Start of EXTRACTED ENTRIES

lemma preserves_period_integral_mult:
  assumes "preserves_period_integral A" "preserves_period_integral B"
  shows "preserves_period_integral (A ** B)"
  unfolding preserves_period_integral_def
proof (intro allI impI)
  fix G :: "real \<times> real \<Rightarrow> complex"
  assume cont: "continuous_on UNIV G" and per: "doubly_periodic_2pi G"
  have "G \<circ> lin_map (A ** B) = (G \<circ> lin_map A) \<circ> lin_map B" by (auto simp: lin_map_mult)
  moreover have "continuous_on UNIV (G \<circ> lin_map A)"
    using continuous_on_compose[OF continuous_on_lin_map continuous_on_subset[OF cont]] by auto
  ultimately have "integral period_square (G \<circ> lin_map (A ** B)) = integral period_square (G \<circ> lin_map A)"
    using assms(2) doubly_periodic_2pi_lin_map[OF per] unfolding preserves_period_integral_def by metis
  also have "\<dots> = integral period_square G"
    using assms(1) cont per unfolding preserves_period_integral_def by blast
  finally show "integral period_square (G \<circ> lin_map (A ** B)) = integral period_square G" .
qed

lemma integral_period_square:
  fixes G :: "real \<times> real \<Rightarrow> complex"
  assumes "continuous_on UNIV G"
  shows "integral period_square G = integral {0..2*pi} (\<lambda>s. integral {0..2*pi} (\<lambda>t. G (s, t)))"
    and "integral period_square G = integral {0..2*pi} (\<lambda>t. integral {0..2*pi} (\<lambda>s. G (s, t)))"
proof -
  show "integral period_square G = integral {0..2*pi} (\<lambda>s. integral {0..2*pi} (\<lambda>t. G (s, t)))"
    using integral_prod_continuous[of 0 0 "2*pi" "2*pi" G] continuous_on_subset[OF assms] by simp
  also have "\<dots> = integral {0..2*pi} (\<lambda>t. integral {0..2*pi} (\<lambda>s. G (s, t)))"
    using integral_swap_continuous[of 0 0 "2*pi" "2*pi" "\<lambda>s t. G (s, t)"] continuous_on_subset[OF assms]
    by (simp add: case_prod_beta')
  finally show "integral period_square G = integral {0..2*pi} (\<lambda>t. integral {0..2*pi} (\<lambda>s. G (s, t)))" .
qed
(* Let $q$ be an odd prime power, $n$ a positive integer with $n\mid(q-1)$, $\lambda\in\mathbb{F}_q^{*}$ with multiplicative order dividing $\frac{q-1}{n}$, and let $\alpha_1,\dots,\alpha_n\in\mathbb{F}_q^{*}$ be the (pairwise distinct) roots of $x^n-\lambda$, i.e. $x^n-\lambda=\prod_{i=1}^n(x-\alpha_i)$, in some fixed order. Let $\ell\ge0$, $\boldsymbol\eta=(\eta_0,\dots,\eta_\ell)\in\mathbb{F}_q^{\ell+1}\setminus\{\boldsymbol0\}$, let $r$ be an integer with $0\le r\le\ell$, and let $k=\frac{n-\ell-r}{2}$ be an integer with $k\ge2$. Let $\boldsymbol v=(v_1,\dots,v_n)$ with $v_i\in\{-1,1\}$ for $k\le i\le n$ and $v_i\in\mathbb{F}_q\setminus\{-1,0,1\}$ for $1\le i\le k-1$. Suppose $$1+\sum_{t=r}^{\ell}\eta_t\,\Phi_{\ell+1+r-t}\neq0,\qquad\text{where }\Phi_i=(-1)^{n-1}P\,\Omega_i\ (1\le i\le\ell+1).$$ Then the $( * )$-$(\mathcal{L},\mathcal{P})$-TGRS code $\mathcal{C}$ is an LCD code, i.e. $\mathcal{C}\cap\mathcal{C}^{\perp}=\{\boldsymbol0\}$.
   Context: $P=\prod_{i=1}^n\alpha_i$. For an integer $t$, $S_t(x_1,\dots,x_n)$ is the complete homogeneous symmetric polynomial of degree $t$ ($S_t=0$ for $t<0$, $S_0=1$, and $S_t=\sum_{t_1+\dots+t_n=t,\,t_i\ge0}x_1^{t_1}\cdots x_n^{t_n}$ for $t\ge0$), and $\Omega_i=\sum_{t=0}^{\ell}\eta_tS_{t+1-i}(\alpha_1,\dots,\alpha_n)$. The $( * )$-$(\mathcal{L},\mathcal{P})$-TGRS code is $\mathcal{C}=\{(v_1f(\alpha_1),\dots,v_nf(\alpha_n)) : f\in\mathcal{F}_{n,k,\boldsymbol\eta}\}$, where $\mathcal{F}_{n,k,\boldsymbol\eta}=\{\sum_{i=0}^{k-1}f_ix^i+f_0\sum_{j=0}^{\ell}\eta_jx^{k+j} : f_i\in\mathbb{F}_q\}$. $\mathcal{C}^{\perp}$ is the dual with respect to the standard inner product $\sum_i x_iy_i$. *)

theory Defs
  imports "HOL-Computational_Algebra.Polynomial" "HOL-Library.FuncSet"
begin
lemma qcong_of_congr_triple:
  fixes M D :: "rat poly"
  assumes T: "congr_triple M (to_fract D) x c c" and "D \<noteq> 0" "M dvd D" and c: "loc_integral M c"
  shows "qcong x c (M\<^sup>2)"
proof -
  have "is_unit (2 :: rat poly)"
    by (metis is_unit_const_poly_iff numeral_poly zero_neq_numeral dvd_field_iff)
  then have "M\<^sup>2 dvd fst (quot_of_fract (x - c))"
    using congr_triple_square_dvd[OF assms(1-3)] by (simp add: is_unit_left_imp_coprime)
  moreover have "loc_integral M x" using T unfolding congr_triple_def by simp
  ultimately show ?thesis
    unfolding qcong_def using loc_integral_denominator[of M x] loc_integral_denominator[OF c] by simp
qed

theorem theorem2p6:
  fixes p s :: nat
  assumes "prime p" and "odd p" and "s \<le> (p - 1) div 2"
  shows "qcong
    (\<Sum>k = 0..(p - 1) div 2.
        (qpoch qv (qv ^ 2) k * qpoch qv (qv ^ 2) (k + s)) /
        (qpoch (qv ^ 2) (qv ^ 2) k * qpoch (qv ^ 2) (qv ^ 2) (k + s)))
    (of_int (Legendre (-1) (int p)) * qv powi ((1 - int p ^ 2) div 4))
    ((qint p) ^ 2)"
proof -
  define n where "n = (p - 1) div 2"
  have pn: "p = 2 * n + 1" and n: "0 < n" and sn: "s \<le> n"
    using assms prime_ge_2_nat[of p] unfolding n_def by (auto elim: oddE)
  define c where "c = (-1) ^ n / qv ^ (n * (n + 1))"
  have H: "\<forall>m>0. (qv\<^sup>2) ^ m \<noteq> 1"
    using qv_power_ne_1 by (simp flip: power_mult)
  have T: "congr_triple (qint p) (to_fract (1 - [:0, 1:] ^ p)) (\<Sum>k<Suc n. chu_term qv qv (qv\<^sup>2) s k) c c"
    using congr_triple_chu_sum[OF assms(1) pn sn] chu_sums_closed_form[OF qv_nonzero H n sn]
    unfolding c_def by (simp add: qv_power)
  have c: "loc_integral (qint p) c"
    unfolding c_def qv_power divide_inverse
    using coprime_X_qint[of p] pn loc_integral_uminus[OF loc_integral_1]
    by (intro loc_integral_mult loc_integral_power loc_integral_inverse) auto
  have cong: "qcong (\<Sum>k<Suc n. chu_term qv qv (qv\<^sup>2) s k) c ((qint p)\<^sup>2)"
    using X_power_ne_1[of p] pn qint_factor[of p] by (intro qcong_of_congr_triple[OF T _ _ c]) auto
  have exponent: "(1 - int p ^ 2) div 4 = - int (n * (n + 1))"
    unfolding pn by (simp add: algebra_simps power2_eq_square)
  have rhs: "of_int (Legendre (-1) (int p)) * qv powi ((1 - int p ^ 2) div 4) = c"
    unfolding exponent Legendre_minus_one[OF assms(1,2)] n_def[symmetric] c_def
      power_int_minus power_int_of_nat
    by (simp add: divide_inverse)
  show ?thesis
    unfolding rhs n_def[symmetric] using cong
    by (simp add: chu_term_def atLeast0AtMost lessThan_Suc_atMost)
qed

end
theorem lemma2p2:
  fixes s :: real
  assumes "s > 1/2"
  shows "\<exists>C. (\<forall>\<tau> w. w \<in> Hs s \<longrightarrow> Fnl \<tau> w \<in> Hs s \<and> Hs_norm s (Fnl \<tau> w) \<le> C * Hs_norm s w ^ 3)
      \<and> (\<forall>\<tau>. smooth_Hs s (Fnl \<tau>))
      \<and> (\<forall>\<tau> w. w \<in> Hs s \<longrightarrow> Fnl (\<tau> + 2*pi) w = Fnl \<tau> w)
      \<and> (\<forall>w \<in> Hs s.
           Navg w = (\<lambda>n. 2 * w n * complex_of_real (H_norm2 w) + cnj (w (- n)) * bracket w w
                          - (if n = 0 then 2 * w 0 * complex_of_real ((cmod (w 0))^2)
                             else w n * complex_of_real ((cmod (w n))^2 + 2 * (cmod (w (- n)))^2)))
         \<and> Navg w = (\<lambda>n. if n = 0
                          then 2 * w 0 * complex_of_real (H_norm2 w - (cmod (w 0))^2) + cnj (w 0) * bracket w w
                          else w n * complex_of_real (2 * H_norm2 w - (cmod (w n))^2 - 2 * (cmod (w (- n)))^2)
                               + cnj (w (- n)) * bracket w w))"
proof (intro exI[where x="Hs_alg_const s"] conjI allI impI ballI)
  fix \<tau> w assume w: "w \<in> Hs s"
  show "Fnl \<tau> w \<in> Hs s"
    unfolding Fnl_eq_Ftri by (rule Hs_Ftri[OF assms w w w])
  show "Hs_norm s (Fnl \<tau> w) \<le> Hs_alg_const s * Hs_norm s w ^ 3"
    using Hs_norm_Ftri_le[OF assms w w w, of \<tau>] by (simp add: Fnl_eq_Ftri power3_eq_cube)
next
  fix \<tau>
  have "Fnl \<tau> = (\<lambda>w. Ftri \<tau> w w w)"
    by (simp add: Fnl_eq_Ftri fun_eq_iff)
  then show "smooth_Hs s (Fnl \<tau>)"
    using Hs_trilinear.smooth_cube[OF Hs_trilinear_Ftri[OF assms]] by simp
next
  fix \<tau> w
  show "Fnl (\<tau> + 2 * pi) w = Fnl \<tau> w"
    by (rule Fnl_periodic)
next
  fix w assume w: "w \<in> Hs s"
  show "Navg w = (\<lambda>n. 2 * w n * complex_of_real (H_norm2 w) + cnj (w (- n)) * bracket w w
      - (if n = 0 then 2 * w 0 * complex_of_real ((cmod (w 0))^2)
         else w n * complex_of_real ((cmod (w n))^2 + 2 * (cmod (w (- n)))^2)))"
    using Navg_eq[OF assms w] by (simp add: fun_eq_iff)
  show "Navg w = (\<lambda>n. if n = 0
      then 2 * w 0 * complex_of_real (H_norm2 w - (cmod (w 0))^2) + cnj (w 0) * bracket w w
      else w n * complex_of_real (2 * H_norm2 w - (cmod (w n))^2 - 2 * (cmod (w (- n)))^2)
        + cnj (w (- n)) * bracket w w)"
    using Navg_eq_alt[OF assms w] by (simp add: fun_eq_iff)
qed

end
(* Let $n\ge0$, $r\in\mathcal{Y}_n$ and $\mathsf{R}\subseteq[n]$, regarded as a set of internal nodes of $r$ via the in-order labeling. Then $\lambda(\pi_{\mathsf{R}})\le r$ in the Tamari order if and only if $\mathsf{R}$ is admissible.
   Context: Permutations in one-line notation; $\mathrm{st}$ standardizes sequences of distinct integers. For $\mathsf{R}=\{R_1<\dots<R_p\}\subseteq[n]$ with complement $\{R^c_1<\dots<R^c_q\}$, $\pi_{\mathsf{R}}\in\mathfrak{S}_n$ is defined by $\pi_{\mathsf{R}}^{-1}=(R_1,..,R_p,R^c_1,..,R^c_q)$ in one-line notation. Trees: $\mathcal{Y}_n$ = rooted planar binary trees with $n$ internal nodes, $\mathcal{Y}_0=\{|\}$; $s\vee t$ = root with left subtree $s$, right subtree $t$. Tamari order: generated by replacing a subtree $(a\vee b)\vee c$ by the larger $a\vee(b\vee c)$. $\lambda(\mathrm{id}_0)=|$, $\lambda(\sigma)=\lambda(\mathrm{st}(\sigma(1..j-1)))\vee\lambda(\mathrm{st}(\sigma(j+1..n)))$ where $j=\sigma^{-1}(n)$. In-order labeling of the internal nodes of $r\in\mathcal{Y}_n$ by $1,\dots,n$: if $r=s\vee t$ with $s\in\mathcal{Y}_{j-1}$, the root gets label $j$, nodes of $s$ keep their labels in $s$, and nodes of $t$ get their labels in $t$ increased by $j$. A set $\mathsf{R}$ of internal nodes is admissible if for each $x\in\mathsf{R}$ the left child of $x$ (if internal) and all its internal descendants lie in $\mathsf{R}$. *)

theory Defs
  imports Main
begin

datatype btree = Leaf | Node btree btree

fun nodes :: "btree \<Rightarrow> nat" where
  "nodes Leaf = 0"
| "nodes (Node s t) = nodes s + nodes t + 1"

inductive tamari_step :: "btree \<Rightarrow> btree \<Rightarrow> bool" where
  rot: "tamari_step (Node (Node a b) c) (Node a (Node b c))"
| left: "tamari_step s s' \<Longrightarrow> tamari_step (Node s t) (Node s' t)"
| right: "tamari_step t t' \<Longrightarrow> tamari_step (Node s t) (Node s t')"

definition tamari_le :: "btree \<Rightarrow> btree \<Rightarrow> bool" where
  "tamari_le = tamari_step\<^sup>*\<^sup>*"

fun idx :: "nat list \<Rightarrow> nat \<Rightarrow> nat" where
  "idx [] x = 0"
| "idx (y # ys) x = (if y = x then 0 else Suc (idx ys x))"

definition st :: "nat list \<Rightarrow> nat list" where
  "st xs = map (\<lambda>x. card {y \<in> set xs. y \<le> x}) xs"

lemma length_st[simp]: "length (st xs) = length xs"
  by (simp add: st_def)

function lam :: "nat list \<Rightarrow> btree" where
  "lam xs = (if xs = [] then Leaf else
     (let j = idx xs (Max (set xs)) in
       Node (lam (st (take j xs))) (lam (st (drop (Suc j) xs)))))"
  by pat_completeness auto
termination
proof (relation "measure length")
  fix xs :: "nat list" and j
  assume "xs \<noteq> []" "j = idx xs (Max (set xs))"
  have "idx xs (Max (set xs)) < length xs" using \<open>xs \<noteq> []\<close>
  proof (induction xs)
    case Nil then show ?case by simp
  next
    case (Cons y ys) then show ?case
      by (cases "ys = []") auto
  qed
  then show "(st (take j xs), xs) \<in> measure length"
    "(st (drop (Suc j) xs), xs) \<in> measure length"
    using \<open>j = _\<close> \<open>xs \<noteq> []\<close> by auto
qed auto

declare lam.simps[simp del]

text \<open>pi_R in one-line notation: its inverse in one-line notation is R (sorted) followed by
  the complement of R in [n] (sorted); so pi_R(k) = 1 + position of k in that list.\<close>
definition piR :: "nat \<Rightarrow> nat set \<Rightarrow> nat list" where
  "piR n R = (let L = sorted_list_of_set R @ sorted_list_of_set ({1..n} - R)
              in map (\<lambda>k. Suc (idx L k)) [1..<Suc n])"

text \<open>In-order labelling: leftdesc r x = labels of the internal nodes in the left subtree
  of the internal node labelled x (i.e. the left child, if internal, and all its internal
  descendants).\<close>
fun leftdesc :: "btree \<Rightarrow> nat \<Rightarrow> nat set" where
  "leftdesc Leaf x = {}"
| "leftdesc (Node s t) x =
     (if x = Suc (nodes s) then {1..nodes s}
      else if x \<le> nodes s then leftdesc s x
      else (\<lambda>y. y + Suc (nodes s)) ` leftdesc t (x - Suc (nodes s)))"

definition admissible :: "btree \<Rightarrow> nat set \<Rightarrow> bool" where
  "admissible r R \<longleftrightarrow> (\<forall>x\<in>R. leftdesc r x \<subseteq> R)"

end

theory Submission
  imports Defs
begin

(* Encode R by its word of marks bs (position i is marked iff i \<in> R). In \<pi>_R the marked
   positions carry the values 1, ..., |R| increasingly and the unmarked ones the remaining values
   increasingly, so the maximum sits at the last unmarked position and the entries after it
   increase. Hence \<lambda>(\<pi>_R) depends only on bs: it is min_tree bs, whose root is the last
   unmarked position and whose right subtree is a left comb.
   Admissibility is preserved by rotations and holds for min_tree bs itself, which gives one
   direction. Conversely, if R is admissible for r = s \<or> t, cut bs at the root of r: when the root
   is marked, so is everything to its left, and a sequence of rotations moves min_tree bs below
   min_tree (left part) \<or> min_tree (right part); induction on r finishes the proof. *)

lemma tamari_le_refl [simp]: "tamari_le t t"
  by (simp add: tamari_le_def)

lemma tamari_le_trans [trans]: "tamari_le s t \<Longrightarrow> tamari_le t u \<Longrightarrow> tamari_le s u"
  unfolding tamari_le_def by (rule rtranclp_trans)

lemma tamari_le_rotate: "tamari_le (Node (Node a b) c) (Node a (Node b c))"
  unfolding tamari_le_def by (intro r_into_rtranclp tamari_step.rot)

lemma tamari_le_Node:
  assumes "tamari_le s s'" and "tamari_le t t'"
  shows "tamari_le (Node s t) (Node s' t')"
proof -
  have "tamari_le (Node s t) (Node s' t)"
    using assms(1) unfolding tamari_le_def
    by (induction rule: rtranclp_induct) (auto intro: rtranclp.rtrancl_into_rtrancl tamari_step.left)
  also have "tamari_le (Node s' t) (Node s' t')"
    using assms(2) unfolding tamari_le_def
    by (induction rule: rtranclp_induct) (auto intro: rtranclp.rtrancl_into_rtrancl tamari_step.right)
  finally show ?thesis .
qed

lemma tamari_step_nodes: "tamari_step t r \<Longrightarrow> nodes r = nodes t"
  by (induction rule: tamari_step.induct) auto

fun left_comb :: "nat \<Rightarrow> btree" where
  "left_comb 0 = Leaf"
| "left_comb (Suc h) = Node (left_comb h) Leaf"

lemma nodes_left_comb [simp]: "nodes (left_comb h) = h"
  by (induction h) auto

lemma left_comb_le_Node: "tamari_le (left_comb (Suc (k + h))) (Node (left_comb k) (left_comb h))"
proof (induction h)
  case (Suc h)
  have "tamari_le (left_comb (Suc (k + Suc h))) (Node (Node (left_comb k) (left_comb h)) Leaf)"
    using Suc by (simp add: tamari_le_Node)
  also have "tamari_le \<dots> (Node (left_comb k) (left_comb (Suc h)))"
    by (simp add: tamari_le_rotate)
  finally show ?case .
qed simp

End of EXTRACTED ENTRIES

EXERCISE OBJECTIVE:
Would you print exactly, and only, the lines of the data above from the line with "(qpoch qv (qv" through the line with "by (intro loc_integral_mult", inclusive?

RESPONSE TO THIS TASK:
        (qpoch qv (qv ^ 2) k * qpoch qv (qv ^ 2) (k + s)) /
        (qpoch (qv ^ 2) (qv ^ 2) k * qpoch (qv ^ 2) (qv ^ 2) (k + s)))
    (of_int (Legendre (-1) (int p)) * qv powi ((1 - int p ^ 2) div 4))
    ((qint p) ^ 2)"
proof -
  define n where "n = (p - 1) div 2"
  have pn: "p = 2 * n + 1" and n: "0 < n" and sn: "s \<le> n"
    using assms prime_ge_2_nat[of p] unfolding n_def by (auto elim: oddE)
  define c where "c = (-1) ^ n / qv ^ (n * (n + 1))"
  have H: "\<forall>m>0. (qv\<^sup>2) ^ m \<noteq> 1"
    using qv_power_ne_1 by (simp flip: power_mult)
  have T: "congr_triple (qint p) (to_fract (1 - [:0, 1:] ^ p)) (\<Sum>k<Suc n. chu_term qv qv (qv\<^sup>2) s k) c c"
    using congr_triple_chu_sum[OF assms(1) pn sn] chu_sums_closed_form[OF qv_nonzero H n sn]
    unfolding c_def by (simp add: qv_power)
  have c: "loc_integral (qint p) c"
    unfolding c_def qv_power divide_inverse
    using coprime_X_qint[of p] pn loc_integral_uminus[OF loc_integral_1]
    by (intro loc_integral_mult loc_integral_power loc_integral_inverse) auto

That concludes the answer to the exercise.